Dataset excerpts:
#####
lemma free_ab_normal: "H \<lhd> free_ab"
  using H by (rule free_ab.subgroup_imp_normal)

lemma free_ab_rcos_add:
  "(H #>\<^bsub>free_ab\<^esub> x) <#>\<^bsub>free_ab\<^esub> (H #>\<^bsub>free_ab\<^esub> y) = H #>\<^bsub>free_ab\<^esub> (\<lambda>v. x v + y v)"
  using normal.rcos_sum[OF free_ab_normal, of x y] by simp

lemma free_ab_rcos_eq_self_iff: "H #>\<^bsub>free_ab\<^esub> x = H \<longleftrightarrow> x \<in> H"
  using free_ab.rcos_self[of x H] free_ab.coset_join2[of x H] H by auto

lemma free_ab_rcos_pow:
  "(H #>\<^bsub>free_ab\<^esub> x) [^]\<^bsub>free_ab Mod H\<^esub> (n::nat) = H #>\<^bsub>free_ab\<^esub> (\<lambda>v. int n * x v)"
proof (induction n)
  case 0
  then show ?case
    using free_ab_rcos_eq_self_iff[of "\<lambda>_. 0"] subgroup.one_closed[OF H] by simp
next
  case (Suc n)
  then show ?case
    by (simp add: free_ab_rcos_add algebra_simps)
qed

lemma free_ab_rcos_eq_if_diff:
  "(\<lambda>v. x v - y v) \<in> H \<Longrightarrow> H #>\<^bsub>free_ab\<^esub> x = H #>\<^bsub>free_ab\<^esub> y"
  using free_ab.coset_mult_assoc[of H "\<lambda>v. x v - y v" y] free_ab_rcos_eq_self_iff[of "\<lambda>v. x v - y v"] H
  by (simp add: subgroup.subset)

lemma the_elem_image_rcos:
  assumes "group T" "phi \<in> hom free_ab T" "\<And>z. z \<in> H \<Longrightarrow> phi z = \<one>\<^bsub>T\<^esub>"
  shows "the_elem (phi ` (H #>\<^bsub>free_ab\<^esub> x)) = phi x"
proof -
  have "phi (z \<otimes>\<^bsub>free_ab\<^esub> x) = phi x" if "z \<in> H" for z
    using assms that hom_mult[OF assms(2), of z x] by (simp add: hom_in_carrier group.is_monoid monoid.l_one)
  then have "phi ` (H #>\<^bsub>free_ab\<^esub> x) = {phi x}"
    using free_ab.rcos_self[of x H] H unfolding r_coset_def by auto
  then show ?thesis
    by simp
qed

lemma free_ab_quotient_hom:
  assumes "group T" "phi \<in> hom free_ab T" "\<And>z. z \<in> H \<Longrightarrow> phi z = \<one>\<^bsub>T\<^esub>"
  shows "(\<lambda>X. the_elem (phi ` X)) \<in> hom (free_ab Mod H) T"
proof (rule homI)
  fix X assume "X \<in> carrier (free_ab Mod H)"
  then show "the_elem (phi ` X) \<in> carrier T"
    using the_elem_image_rcos[OF assms] hom_in_carrier[OF assms(2)] by (auto simp: carrier_FactGroup)
next
  fix X Y assume "X \<in> carrier (free_ab Mod H)" "Y \<in> carrier (free_ab Mod H)"
  then show "the_elem (phi ` (X \<otimes>\<^bsub>free_ab Mod H\<^esub> Y))
      = the_elem (phi ` X) \<otimes>\<^bsub>T\<^esub> the_elem (phi ` Y)"
    using the_elem_image_rcos[OF assms] hom_mult[OF assms(2)] by (auto simp: carrier_FactGroup free_ab_rcos_add)
qed
text \<open>The \<open>p log p\<close> sum of a product weight on a rectangle splits into the two marginal
  contributions; this is what makes entropies of independent parts add up.\<close>
lemma sum_plogp_product:
  assumes "finite A" "finite B" "\<And>a. a \<in> A \<Longrightarrow> 0 < u a" "\<And>b. b \<in> B \<Longrightarrow> 0 < v b"
    and inj: "inj_on g (A \<times> B)" and mass: "\<And>a b. a \<in> A \<Longrightarrow> b \<in> B \<Longrightarrow> pmf T (g (a, b)) = u a * v b"
  shows "plogp_sum T (g ` (A \<times> B)) =
    (\<Sum>a\<in>A. u a * log 2 (u a)) * (\<Sum>b\<in>B. v b) + (\<Sum>a\<in>A. u a) * (\<Sum>b\<in>B. v b * log 2 (v b))"
proof -
  have "plogp_sum T (g ` (A \<times> B)) =
        (\<Sum>a\<in>A. \<Sum>b\<in>B. (u a * log 2 (u a)) * v b + u a * (v b * log 2 (v b)))"
    unfolding plogp_sum_def sum.reindex[OF inj] sum.cartesian_product' o_def
    by (intro sum.cong refl) (use assms in \<open>simp add: mass log_mult algebra_simps\<close>)
  also have "\<dots> = (\<Sum>a\<in>A. u a * log 2 (u a)) * (\<Sum>b\<in>B. v b) + (\<Sum>a\<in>A. u a) * (\<Sum>b\<in>B. v b * log 2 (v b))"
    by (simp add: sum.distrib sum_product mult.assoc)
  finally show ?thesis .
qed

lemma pmf_entropy_erasure:
  fixes \<rho> :: "('x \<times> 'p) pmf" and \<nu> :: "'s pmf"
  assumes fin_\<rho>: "finite (set_pmf \<rho>)" and fin_\<nu>: "finite (set_pmf \<nu>)"
  shows "pmf_entropy (erasure_pmf R \<rho> \<nu>) = pmf_entropy (map_pmf snd \<rho>) + pmf_entropy \<nu> +
           measure \<nu> {s. R s} * (pmf_entropy \<rho> - pmf_entropy (map_pmf snd \<rho>))"
proof -
  define T where "T = erasure_pmf R \<rho> \<nu>"
  define P where "P = map_pmf snd \<rho>"
  define SR where "SR = {s\<in>set_pmf \<nu>. R s}"
  define SN where "SN = {s\<in>set_pmf \<nu>. \<not> R s}"
  define received where "received = (\<lambda>(xp::'x \<times> 'p, s::'s). (snd xp, s, Some (fst xp)))"
  define erased where "erased = (\<lambda>(p::'p, s::'s). (p, s, None :: 'x option))"
  define m where "m = measure \<nu> {s. R s}"
  have fin: "finite (set_pmf P)" "finite SR" "finite SN"
    unfolding P_def SR_def SN_def using fin_\<rho> fin_\<nu> by auto
  have supp: "set_pmf T \<subseteq> received ` (set_pmf \<rho> \<times> SR) \<union> erased ` (set_pmf P \<times> SN)"
    unfolding T_def erasure_pmf_def received_def erased_def P_def SR_def SN_def
    by (force split: if_splits)
  have disj: "received ` (set_pmf \<rho> \<times> SR) \<inter> erased ` (set_pmf P \<times> SN) = {}"
    unfolding received_def erased_def by auto
  have states: "SR \<union> SN = set_pmf \<nu>" "SR \<inter> SN = {}"
    unfolding SR_def SN_def by auto
  have mass_SR: "(\<Sum>s\<in>SR. pmf \<nu> s) = m"
    using measure_Int_set_pmf[of \<nu> "{s. R s}"] measure_measure_pmf_finite[OF fin(2), of \<nu>]
    unfolding SR_def m_def by (simp add: Int_def conj_commute)
  have mass_SN: "(\<Sum>s\<in>SN. pmf \<nu> s) = 1 - m"
    using sum.union_disjoint[OF fin(2,3) states(2), of "pmf \<nu>"] sum_pmf_eq_1[OF fin_\<nu>, of \<nu>]
    by (simp add: states(1) mass_SR)
  have plogp_states: "plogp_sum \<nu> SR + plogp_sum \<nu> SN = - pmf_entropy \<nu>"
    using sum.union_disjoint[OF fin(2,3) states(2), of "\<lambda>s. pmf \<nu> s * log 2 (pmf \<nu> s)"]
      pmf_entropy_superset[OF fin_\<nu> order_refl]
    by (simp add: states(1) plogp_sum_def)
  have total: "(\<Sum>xp\<in>set_pmf \<rho>. pmf \<rho> xp) = 1" "(\<Sum>p\<in>set_pmf P. pmf P p) = 1"
    using fin fin_\<rho> by (auto intro: sum_pmf_eq_1)
  have "pmf_entropy T = - (plogp_sum T (received ` (set_pmf \<rho> \<times> SR)) + plogp_sum T (erased ` (set_pmf P \<times> SN)))"
    using pmf_entropy_superset[OF _ supp] fin fin_\<rho> disj
    by (simp add: plogp_sum_def sum.union_disjoint)
  also have "plogp_sum T (received ` (set_pmf \<rho> \<times> SR)) = plogp_sum \<rho> (set_pmf \<rho>) * m + plogp_sum \<nu> SR"
  proof -
    have "plogp_sum T (received ` (set_pmf \<rho> \<times> SR)) = plogp_sum \<rho> (set_pmf \<rho>) * (\<Sum>s\<in>SR. pmf \<nu> s)
        + (\<Sum>xp\<in>set_pmf \<rho>. pmf \<rho> xp) * plogp_sum \<nu> SR"
      unfolding plogp_sum_def[of \<rho>] plogp_sum_def[of \<nu>]
      by (rule sum_plogp_product) (use fin fin_\<rho> in \<open>auto simp: SR_def received_def T_def
          pmf_positive inj_on_def pmf_erasure_received\<close>)
    then show ?thesis by (simp add: mass_SR total)
  qed
  also have "plogp_sum T (erased ` (set_pmf P \<times> SN)) = plogp_sum P (set_pmf P) * (1 - m) + plogp_sum \<nu> SN"
  proof -
    have "plogp_sum T (erased ` (set_pmf P \<times> SN)) = plogp_sum P (set_pmf P) * (\<Sum>s\<in>SN. pmf \<nu> s)
        + (\<Sum>p\<in>set_pmf P. pmf P p) * plogp_sum \<nu> SN"
      unfolding plogp_sum_def[of P] plogp_sum_def[of \<nu>]
      by (rule sum_plogp_product) (use fin in \<open>auto simp: SN_def erased_def T_def P_def
          pmf_positive inj_on_def pmf_erasure_erased\<close>)
    then show ?thesis by (simp add: mass_SN total)
  qed
  finally show ?thesis
    using plogp_states pmf_entropy_superset[OF fin_\<rho> order_refl] pmf_entropy_superset[OF fin(1) order_refl]
    unfolding T_def P_def m_def by (simp add: algebra_simps)
qed

lemma dentropy_erasure_update:
  fixes X :: "'o \<Rightarrow> 'x" and P :: "'o \<Rightarrow> 'p" and K :: "'o \<Rightarrow> 's"
  assumes indep: "map_pmf (\<lambda>\<omega>. ((X \<omega>, P \<omega>), K \<omega>)) M = pair_pmf (map_pmf (\<lambda>\<omega>. (X \<omega>, P \<omega>)) M) \<nu>"
    and fin: "finite (set_pmf (map_pmf (\<lambda>\<omega>. (X \<omega>, P \<omega>)) M))" and fin_\<nu>: "finite (set_pmf \<nu>)"
    and recode: "\<And>\<omega>. \<omega> \<in> set_pmf M \<Longrightarrow> Q \<omega> = g (P \<omega>, K \<omega>, if R (K \<omega>) then Some (X \<omega>) else None)"
    and inj: "inj_on g {(p, s, y). R s \<or> y = None}"
  shows "dentropy M Q = dentropy M P + pmf_entropy \<nu> + measure \<nu> {s. R s} * cond_dentropy M X P"
proof -
  let ?\<rho> = "map_pmf (\<lambda>\<omega>. (X \<omega>, P \<omega>)) M"
  have "map_pmf Q M = map_pmf (\<lambda>\<omega>. g (P \<omega>, K \<omega>, if R (K \<omega>) then Some (X \<omega>) else None)) M"
    by (rule map_pmf_cong[OF refl]) (simp add: recode)
  also have "\<dots> = map_pmf g (erasure_pmf R ?\<rho> \<nu>)"
    unfolding erasure_pmf_def indep[symmetric] by (simp add: map_pmf_comp)
  finally have Q_law: "map_pmf Q M = map_pmf g (erasure_pmf R ?\<rho> \<nu>)" .
  have "set_pmf (erasure_pmf R ?\<rho> \<nu>) \<subseteq> {(p, s, y). R s \<or> y = None}"
    unfolding erasure_pmf_def by (auto split: if_splits)
  then have "dentropy M Q = pmf_entropy (erasure_pmf R ?\<rho> \<nu>)"
    unfolding dentropy_eq_pmf_entropy Q_law by (intro pmf_entropy_map_inj inj_on_subset[OF inj])
  then show ?thesis
    using pmf_entropy_erasure[OF fin fin_\<nu>, of R] cond_dentropy_chain_rule[OF fin]
    by (simp add: dentropy_eq_pmf_entropy map_pmf_comp)
qed

section \<open>The next channel state is independent of the past\<close>

lemma replicate_pmf_prefix_next:
  assumes "m < n"
  shows "map_pmf (\<lambda>s. (take m s, s ! m)) (replicate_pmf n \<nu>) = pair_pmf (replicate_pmf m \<nu>) \<nu>"
proof -
  define r where "r = n - Suc m"
  have n: "n = m + Suc r" using assms unfolding r_def by simp
  have split: "replicate_pmf n \<nu> = bind_pmf (replicate_pmf m \<nu>) (\<lambda>xs. bind_pmf \<nu> (\<lambda>x.
      bind_pmf (replicate_pmf r \<nu>) (\<lambda>ys. return_pmf (xs @ x # ys))))"
    unfolding n replicate_pmf_distrib replicate_pmf.simps(2)
    by (simp only: bind_assoc_pmf bind_return_pmf)
  have "map_pmf (\<lambda>s. (take m s, s ! m)) (replicate_pmf n \<nu>) =
     bind_pmf (replicate_pmf m \<nu>) (\<lambda>xs. bind_pmf \<nu> (\<lambda>x. bind_pmf (replicate_pmf r \<nu>)
       (\<lambda>ys. return_pmf (take m (xs @ x # ys), (xs @ x # ys) ! m))))"
    unfolding split by (simp only: map_bind_pmf map_return_pmf)
  also have "\<dots> = bind_pmf (replicate_pmf m \<nu>) (\<lambda>xs. bind_pmf \<nu> (\<lambda>x. return_pmf (xs, x)))"
  proof (rule bind_pmf_cong[OF refl])
    fix xs assume "xs \<in> set_pmf (replicate_pmf m \<nu>)"
    then have "length xs = m" by (simp add: set_replicate_pmf)
    then have "\<And>x ys. (take m (xs @ x # ys), (xs @ x # ys) ! m) = (xs, x)" by (simp add: nth_append)
    then show "bind_pmf \<nu> (\<lambda>x. bind_pmf (replicate_pmf r \<nu>)
        (\<lambda>ys. return_pmf (take m (xs @ x # ys), (xs @ x # ys) ! m))) = bind_pmf \<nu> (\<lambda>x. return_pmf (xs, x))"
      by (simp only: bind_pmf_const)
  qed
  also have "\<dots> = pair_pmf (replicate_pmf m \<nu>) \<nu>" by (simp only: pair_pmf_def)
  finally show ?thesis .
qed

lemma bind_replicate_pmf_prefix_next:
  assumes "m < n"
  shows "bind_pmf (replicate_pmf n \<nu>) (\<lambda>s. G (take m s) (s ! m)) =
    bind_pmf (replicate_pmf m \<nu>) (\<lambda>a. bind_pmf \<nu> (G a))"
proof -
  have "bind_pmf (replicate_pmf n \<nu>) (\<lambda>s. G (take m s) (s ! m)) =
     bind_pmf (map_pmf (\<lambda>s. (take m s, s ! m)) (replicate_pmf n \<nu>)) (\<lambda>(a, x). G a x)"
    by (simp add: bind_map_pmf)
  then show ?thesis
    unfolding replicate_pmf_prefix_next[OF assms] pair_pmf_def
    by (simp add: bind_assoc_pmf bind_return_pmf)
qed

corollary bind_replicate_pmf_prefix:
  assumes "m < n"
  shows "bind_pmf (replicate_pmf n \<nu>) (\<lambda>s. G (take m s)) = bind_pmf (replicate_pmf m \<nu>) G"
  using bind_replicate_pmf_prefix_next[OF assms, of \<nu> "\<lambda>a x. G a"] by (simp add: bind_pmf_const)

text \<open>The outcome with the channel states cut down to the first \<open>m\<close> slots, and the state
  \<open>S\<^sub>m\<^sub>+\<^sub>1\<close> of slot \<open>m + 1\<close> (0-based index \<open>m\<close>).\<close>
definition past :: "nat \<Rightarrow> 'w \<times> 'w \<times> 'r \<times> 's list \<Rightarrow> 'w \<times> 'w \<times> 'r \<times> 's list" where
  "past m \<omega> = (case \<omega> of (w1, w2, t, s) \<Rightarrow> (w1, w2, t, take m s))"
#####
> [WHAT NEEDS TO BE DONE] Please restate, word for word, the lines of the entries that run from the first line through the one holding "fix X Y assume", and add nothing.

> [SOLUTION BELOW]
lemma free_ab_normal: "H \<lhd> free_ab"
  using H by (rule free_ab.subgroup_imp_normal)

lemma free_ab_rcos_add:
  "(H #>\<^bsub>free_ab\<^esub> x) <#>\<^bsub>free_ab\<^esub> (H #>\<^bsub>free_ab\<^esub> y) = H #>\<^bsub>free_ab\<^esub> (\<lambda>v. x v + y v)"
  using normal.rcos_sum[OF free_ab_normal, of x y] by simp

lemma free_ab_rcos_eq_self_iff: "H #>\<^bsub>free_ab\<^esub> x = H \<longleftrightarrow> x \<in> H"
  using free_ab.rcos_self[of x H] free_ab.coset_join2[of x H] H by auto

lemma free_ab_rcos_pow:
  "(H #>\<^bsub>free_ab\<^esub> x) [^]\<^bsub>free_ab Mod H\<^esub> (n::nat) = H #>\<^bsub>free_ab\<^esub> (\<lambda>v. int n * x v)"
proof (induction n)
  case 0
  then show ?case
    using free_ab_rcos_eq_self_iff[of "\<lambda>_. 0"] subgroup.one_closed[OF H] by simp
next
  case (Suc n)
  then show ?case
    by (simp add: free_ab_rcos_add algebra_simps)
qed

lemma free_ab_rcos_eq_if_diff:
  "(\<lambda>v. x v - y v) \<in> H \<Longrightarrow> H #>\<^bsub>free_ab\<^esub> x = H #>\<^bsub>free_ab\<^esub> y"
  using free_ab.coset_mult_assoc[of H "\<lambda>v. x v - y v" y] free_ab_rcos_eq_self_iff[of "\<lambda>v. x v - y v"] H
  by (simp add: subgroup.subset)

lemma the_elem_image_rcos:
  assumes "group T" "phi \<in> hom free_ab T" "\<And>z. z \<in> H \<Longrightarrow> phi z = \<one>\<^bsub>T\<^esub>"
  shows "the_elem (phi ` (H #>\<^bsub>free_ab\<^esub> x)) = phi x"
proof -
  have "phi (z \<otimes>\<^bsub>free_ab\<^esub> x) = phi x" if "z \<in> H" for z
    using assms that hom_mult[OF assms(2), of z x] by (simp add: hom_in_carrier group.is_monoid monoid.l_one)
  then have "phi ` (H #>\<^bsub>free_ab\<^esub> x) = {phi x}"
    using free_ab.rcos_self[of x H] H unfolding r_coset_def by auto
  then show ?thesis
    by simp
qed

lemma free_ab_quotient_hom:
  assumes "group T" "phi \<in> hom free_ab T" "\<And>z. z \<in> H \<Longrightarrow> phi z = \<one>\<^bsub>T\<^esub>"
  shows "(\<lambda>X. the_elem (phi ` X)) \<in> hom (free_ab Mod H) T"
proof (rule homI)
  fix X assume "X \<in> carrier (free_ab Mod H)"
  then show "the_elem (phi ` X) \<in> carrier T"
    using the_elem_image_rcos[OF assms] hom_in_carrier[OF assms(2)] by (auto simp: carrier_FactGroup)
next
  fix X Y assume "X \<in> carrier (free_ab Mod H)" "Y \<in> carrier (free_ab Mod H)"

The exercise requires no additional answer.